The clinical signs and symptoms of Uhl's anomaly are quite variable; however, most Uhl's anomaly patients die in infancy or in utero, because the destruction of some critical parts of the heart. If the crista supraventricularis is destroyed, along with the free wall of the right ventricle, right ventricular failure is inevitable and ultimately fatal. , Such patients contribute significantly to the perinatal mortality of Uhl's anomaly.

The prognosis of Uhl's anomaly is poor but varies in relation to the extent of the destruction of the right ventricular myocardium and the heart conducting system. Successful cases have been reported of infants surviving surgery for critical ventricular arrhythmias due to Uhl's anomaly. – Starr, et al. demonstrated that part or complete absence of right ventricular myocardium is itself insufficient to cause serious outcomes such as death. Such patients often survive with relatively little hemodynamic change in their infancy, and can live to an advanced age.

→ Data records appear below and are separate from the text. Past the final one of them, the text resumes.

(* Consider the Gaussian broadcast model on $P=\mathcal{HS}_2$ with $\alpha_2=1/2$. For every positive integer $t$, every positive integer $N$, and all reals $a_1,\dots,a_N$ not all zero, the random variable $\zeta:=a_1X_{(1,t-1)}+\cdots+a_NX_{(N,t-N)}$ satisfies $$\frac{\operatorname{Cov}(\zeta,X_0)}{\sqrt{\operatorname{Var}(\zeta)}}\le\frac{2^{14}N^{3/2}}{t^{1/4}}.$$
   Context: Infinite model: $\mathcal{HS}_{d+1}=\{(x_1,\dots,x_{d+1})\in\mathbb Z^{d+1}:x_1+\dots+x_{d+1}\ge0\}$ with $u\le v$ iff $v-u\in\mathbb Z_{\ge0}^{d+1}$; layer $L_t$ = points with coordinate sum $t$; each point $v$ of rank $\ge1$ covers exactly the $d+1$ points $v-e_i$ (the set $\mathfrak p(v)$). Gaussian broadcast model: $X_0\sim\mathcal N(0,1)$; independently, i.i.d. $W_{u\to v}\sim\mathcal N(0,1)$ for covering pairs $u\lessdot v$; $X_v=X_0$ for every $v\in L_0$; and $X_v=\alpha_{d+1}\sum_{u\in\mathfrak p(v)}(X_u+W_{u\to v})$ for $v$ of rank $\ge1$. Here $d=1$. *)

theory Defs
  imports "HOL-Probability.Probability"
begin

definition rank2 :: "int \<times> int \<Rightarrow> int" where
  "rank2 v = fst v + snd v"

definition HS2 :: "(int \<times> int) set" where
  "HS2 = {v. rank2 v \<ge> 0}"

definition parent2 :: "int \<times> int \<Rightarrow> nat \<Rightarrow> int \<times> int" where
  "parent2 v i = (if i = 0 then (fst v - 1, snd v) else (fst v, snd v - 1))"

text \<open>Covering pairs u \<lessdot> v in HS_2 are indexed by (v,i) with rank v \<ge> 1 and i \<in> {0,1},
  where u = parent2 v i.\<close>
definition edges2 :: "((int \<times> int) \<times> nat) set" where
  "edges2 = {(v, i). rank2 v \<ge> 1 \<and> i \<in> {0, 1}}"

definition gaussian_broadcast_HS2 ::
  "'a measure \<Rightarrow> ('a \<Rightarrow> real) \<Rightarrow> ((int \<times> int) \<times> nat \<Rightarrow> 'a \<Rightarrow> real)
     \<Rightarrow> (int \<times> int \<Rightarrow> 'a \<Rightarrow> real) \<Rightarrow> bool" where
  "gaussian_broadcast_HS2 M X0 W X \<longleftrightarrow>
     prob_space M \<and>
     prob_space.indep_vars M (\<lambda>_. borel)
        (\<lambda>j. case j of None \<Rightarrow> X0 | Some e \<Rightarrow> W e) ({None} \<union> Some ` edges2) \<and>
     distributed M lborel X0 std_normal_density \<and>
     (\<forall>e\<in>edges2. distributed M lborel (W e) std_normal_density) \<and>
     (\<forall>v. rank2 v = 0 \<longrightarrow> (\<forall>\<omega>\<in>space M. X v \<omega> = X0 \<omega>)) \<and>
     (\<forall>v. rank2 v \<ge> 1 \<longrightarrow> (\<forall>\<omega>\<in>space M.
        X v \<omega> = (1/2) * (\<Sum>i\<in>{0,1::nat}. X (parent2 v i) \<omega> + W (v, i) \<omega>)))"

end

theory Submission
  imports Defs
begin

text \<open>Unfolding the recursion writes \<open>X\<^sub>v = X\<^sub>0 + \<Sum>\<^sub>e c\<^sub>v(e) W\<^sub>e\<close> over the edges below \<open>v\<close>, so for
  \<open>\<zeta> = \<Sum> a\<^sub>k X\<^sub>v\<^sub>k\<close> one gets \<open>Cov(\<zeta>, X\<^sub>0) = A := \<Sum> a\<^sub>k\<close> and \<open>Var \<zeta> = A\<^sup>2 + \<Sum>\<^sub>e b\<^sub>e\<^sup>2\<close> with
  \<open>b\<^sub>e = \<Sum> a\<^sub>k c\<^sub>v\<^sub>k(e)\<close>. Dually, every \<open>\<Psi>\<close> vanishing on the layer \<open>L\<^sub>0\<close> satisfies
  \<open>\<Psi>(v) = \<Sum>\<^sub>e c\<^sub>v(e) \<Delta>\<Psi>(e)\<close>, where \<open>\<Delta>\<Psi>(w) = \<Psi>(w) - (\<Psi>(w - e\<^sub>1) + \<Psi>(w - e\<^sub>2))/2\<close>.
  Taking \<open>\<Psi>(w) = rank(w)/t \<cdot> u(w\<^sub>1 - w\<^sub>2)\<close>, with \<open>u\<close> a quartic bump of width \<open>\<surd>t\<close> equal to 1
  on the targets \<open>v\<^sub>k = (k, t - k)\<close>, gives \<open>A = \<Sum>\<^sub>e \<Delta>\<Psi>(e) b\<^sub>e\<close>; by Cauchy-Schwarz
  \<open>Cov\<^sup>2/Var \<le> \<Sum>\<^sub>e \<Delta>\<Psi>(e)\<^sup>2\<close>. As \<open>\<Delta>\<Psi> = O(1/t)\<close> (the second differences of \<open>u\<close> are \<open>O(1/t)\<close>)
  and \<open>\<Delta>\<Psi>\<close> is supported on \<open>O(t (N + \<surd>t))\<close> edges, this sum is \<open>O(N/\<surd>t)\<close>.\<close>

lemma (in prob_space) std_normal_moments:
  assumes D: "distributed M lborel Y std_normal_density"
  shows "integrable M Y" "expectation Y = 0"
    "integrable M (\<lambda>\<omega>. Y \<omega> * Y \<omega>)" "expectation (\<lambda>\<omega>. Y \<omega> * Y \<omega>) = 1"
proof -
  show "integrable M Y"
    using distributed_integrable[OF D, of "\<lambda>x. x"] integrable_std_normal_moment[of 1] by simp
  show "expectation Y = 0"
    using standard_normal_distributed_expectation[OF D] by simp
  show "integrable M (\<lambda>\<omega>. Y \<omega> * Y \<omega>)"
    using distributed_integrable[OF D, of "\<lambda>x. x * x"] integrable_std_normal_moment[of 2]
    by (simp add: power2_eq_square)
  have "expectation (\<lambda>\<omega>. Y \<omega> * Y \<omega>) = (\<integral>x. std_normal_density x * (x * x) \<partial>lborel)"
    by (rule distributed_integral[OF D, symmetric]) auto
  also have "\<dots> = 1"
    using integral_std_normal_moment_even[of 1] by (simp add: power2_eq_square)
  finally show "expectation (\<lambda>\<omega>. Y \<omega> * Y \<omega>) = 1" .
qed

lemma (in prob_space) indep_std_normal_orthonormal:
  assumes indep: "indep_vars (\<lambda>_. borel) Y I"
    and normal: "\<And>i. i \<in> I \<Longrightarrow> distributed M lborel (Y i) std_normal_density"
    and i: "i \<in> I" and j: "j \<in> I"
  shows "integrable M (\<lambda>\<omega>. Y i \<omega> * Y j \<omega>)"
    and "expectation (\<lambda>\<omega>. Y i \<omega> * Y j \<omega>) = (if i = j then 1 else 0)"
proof -
  note moments = std_normal_moments[OF normal]
  have "integrable M (\<lambda>\<omega>. Y i \<omega> * Y j \<omega>) \<and>
    expectation (\<lambda>\<omega>. Y i \<omega> * Y j \<omega>) = (if i = j then 1 else 0)"
  proof (cases "i = j")
    case True
    then show ?thesis using moments i by simp
  next
    case False
    have indep2: "indep_vars (\<lambda>_. borel) Y {i, j}"
      by (rule indep_vars_subset[OF indep]) (use i j in auto)
    have int: "\<And>k. k \<in> {i, j} \<Longrightarrow> integrable M (Y k)" using moments i j by auto
    have prod: "(\<lambda>\<omega>. \<Prod>k\<in>{i, j}. Y k \<omega>) = (\<lambda>\<omega>. Y i \<omega> * Y j \<omega>)" using False by simp
    have "integrable M (\<lambda>\<omega>. \<Prod>k\<in>{i, j}. Y k \<omega>)"
      by (rule indep_vars_integrable[OF _ indep2 int]) auto
    moreover have "expectation (\<lambda>\<omega>. \<Prod>k\<in>{i, j}. Y k \<omega>) = (\<Prod>k\<in>{i, j}. expectation (Y k))"
      by (rule indep_vars_lebesgue_integral[OF _ indep2 int]) auto
    ultimately show ?thesis using False moments i j by (simp add: prod)
  qed
  then show "integrable M (\<lambda>\<omega>. Y i \<omega> * Y j \<omega>)"
    and "expectation (\<lambda>\<omega>. Y i \<omega> * Y j \<omega>) = (if i = j then 1 else 0)" by auto
qed

lemma (in prob_space) indep_std_normal_sum_moments:
  assumes indep: "indep_vars (\<lambda>_. borel) Y I"
    and normal: "\<And>i. i \<in> I \<Longrightarrow> distributed M lborel (Y i) std_normal_density"
    and J: "finite J" "J \<subseteq> I" and j0: "j0 \<in> J"
  shows "expectation (\<lambda>\<omega>. \<Sum>j\<in>J. c j * Y j \<omega>) = 0"
    and "expectation (\<lambda>\<omega>. (\<Sum>j\<in>J. c j * Y j \<omega>) * Y j0 \<omega>) = c j0"
    and "expectation (\<lambda>\<omega>. (\<Sum>j\<in>J. c j * Y j \<omega>)\<^sup>2) = (\<Sum>j\<in>J. (c j)\<^sup>2)"
proof -
  have mean: "integrable M (Y j)" "expectation (Y j) = 0" if "j \<in> J" for j
    using std_normal_moments[OF normal] J(2) that by auto
  note orth = indep_std_normal_orthonormal[OF indep normal subsetD[OF J(2)] subsetD[OF J(2)]]
  show "expectation (\<lambda>\<omega>. \<Sum>j\<in>J. c j * Y j \<omega>) = 0"
    using mean by simp
  have "expectation (\<lambda>\<omega>. (\<Sum>j\<in>J. c j * Y j \<omega>) * Y j0 \<omega>)
      = expectation (\<lambda>\<omega>. \<Sum>j\<in>J. c j * (Y j \<omega> * Y j0 \<omega>))"
    by (simp add: sum_distrib_right mult.assoc)
  also have "\<dots> = (\<Sum>j\<in>J. c j * (if j = j0 then 1 else 0))"
    using orth j0 by simp
  also have "\<dots> = c j0" using J(1) j0 by (simp add: if_distrib sum.delta cong: if_cong)
  finally show "expectation (\<lambda>\<omega>. (\<Sum>j\<in>J. c j * Y j \<omega>) * Y j0 \<omega>) = c j0" .
  have "expectation (\<lambda>\<omega>. (\<Sum>j\<in>J. c j * Y j \<omega>)\<^sup>2)
      = expectation (\<lambda>\<omega>. \<Sum>j\<in>J. \<Sum>j'\<in>J. c j * c j' * (Y j \<omega> * Y j' \<omega>))"
    by (simp add: power2_eq_square sum_product algebra_simps)
  also have "\<dots> = (\<Sum>j\<in>J. \<Sum>j'\<in>J. c j * c j' * (if j = j' then 1 else 0))"
    using orth by (simp add: integrable_sum)
  also have "\<dots> = (\<Sum>j\<in>J. (c j)\<^sup>2)"
    using J(1) by (simp add: if_distrib sum.delta power2_eq_square cong: if_cong)
  finally show "expectation (\<lambda>\<omega>. (\<Sum>j\<in>J. c j * Y j \<omega>)\<^sup>2) = (\<Sum>j\<in>J. (c j)\<^sup>2)" .
qed

lemma broadcast_noise_moments:
  assumes model: "gaussian_broadcast_HS2 M X0 W X"
    and F: "finite F" "F \<subseteq> edges2"
    and \<zeta>: "\<And>\<omega>. \<omega> \<in> space M \<Longrightarrow> \<zeta> \<omega> = A * X0 \<omega> + (\<Sum>e\<in>F. b e * W e \<omega>)"
  shows "(\<integral>\<omega>. X0 \<omega> \<partial>M) = 0" and "(\<integral>\<omega>. \<zeta> \<omega> \<partial>M) = 0"
    and "(\<integral>\<omega>. \<zeta> \<omega> * X0 \<omega> \<partial>M) = A"
    and "(\<integral>\<omega>. (\<zeta> \<omega>)\<^sup>2 \<partial>M) = A\<^sup>2 + (\<Sum>e\<in>F. (b e)\<^sup>2)"
proof -
  interpret prob_space M using model by (simp add: gaussian_broadcast_HS2_def)
  define I where "I = {None} \<union> Some ` edges2"
  define J where "J = insert None (Some ` F)"
  have indep: "indep_vars (\<lambda>_. borel) (case_option X0 W) I"
    using model unfolding gaussian_broadcast_HS2_def I_def by simp
  have normal: "\<And>i. i \<in> I \<Longrightarrow> distributed M lborel (case_option X0 W i) std_normal_density"
    using model unfolding gaussian_broadcast_HS2_def I_def by auto
  have J: "finite J" "J \<subseteq> I" "None \<in> J" using F by (auto simp: I_def J_def)
  note sums = indep_std_normal_sum_moments[OF indep normal J, of "case_option A b"]
  have \<zeta>J: "\<zeta> \<omega> = (\<Sum>j\<in>J. case_option A b j * case_option X0 W j \<omega>)" if "\<omega> \<in> space M" for \<omega>
    using \<zeta>[OF that] F(1) by (simp add: J_def sum.reindex)
  show "expectation X0 = 0"
    using std_normal_moments(2)[OF normal[of None]] by (simp add: I_def)
  show "expectation \<zeta> = 0"
    using sums(1) by (simp add: \<zeta>J cong: Bochner_Integration.integral_cong)
  show "expectation (\<lambda>\<omega>. \<zeta> \<omega> * X0 \<omega>) = A"
    using sums(2) by (simp add: \<zeta>J cong: Bochner_Integration.integral_cong)
  show "expectation (\<lambda>\<omega>. (\<zeta> \<omega>)\<^sup>2) = A\<^sup>2 + (\<Sum>e\<in>F. (b e)\<^sup>2)"
    using sums(3) F(1) by (simp add: \<zeta>J J_def sum.reindex cong: Bochner_Integration.integral_cong)
qed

Correct prenatal diagnosis, therefore, can be crucial in identifying patients who will require surgical intervention and specialist postnatal care. The infant we have documented in this report is currently a healthy nine year old boy; he has had no surgery and needs no regular medication for his cardiac condition. As with other congenital heart lesions, accurate prenatal diagnosis of Uhl's anomaly is important to enable optimisation of perinatal care and increase the chances of infant survival.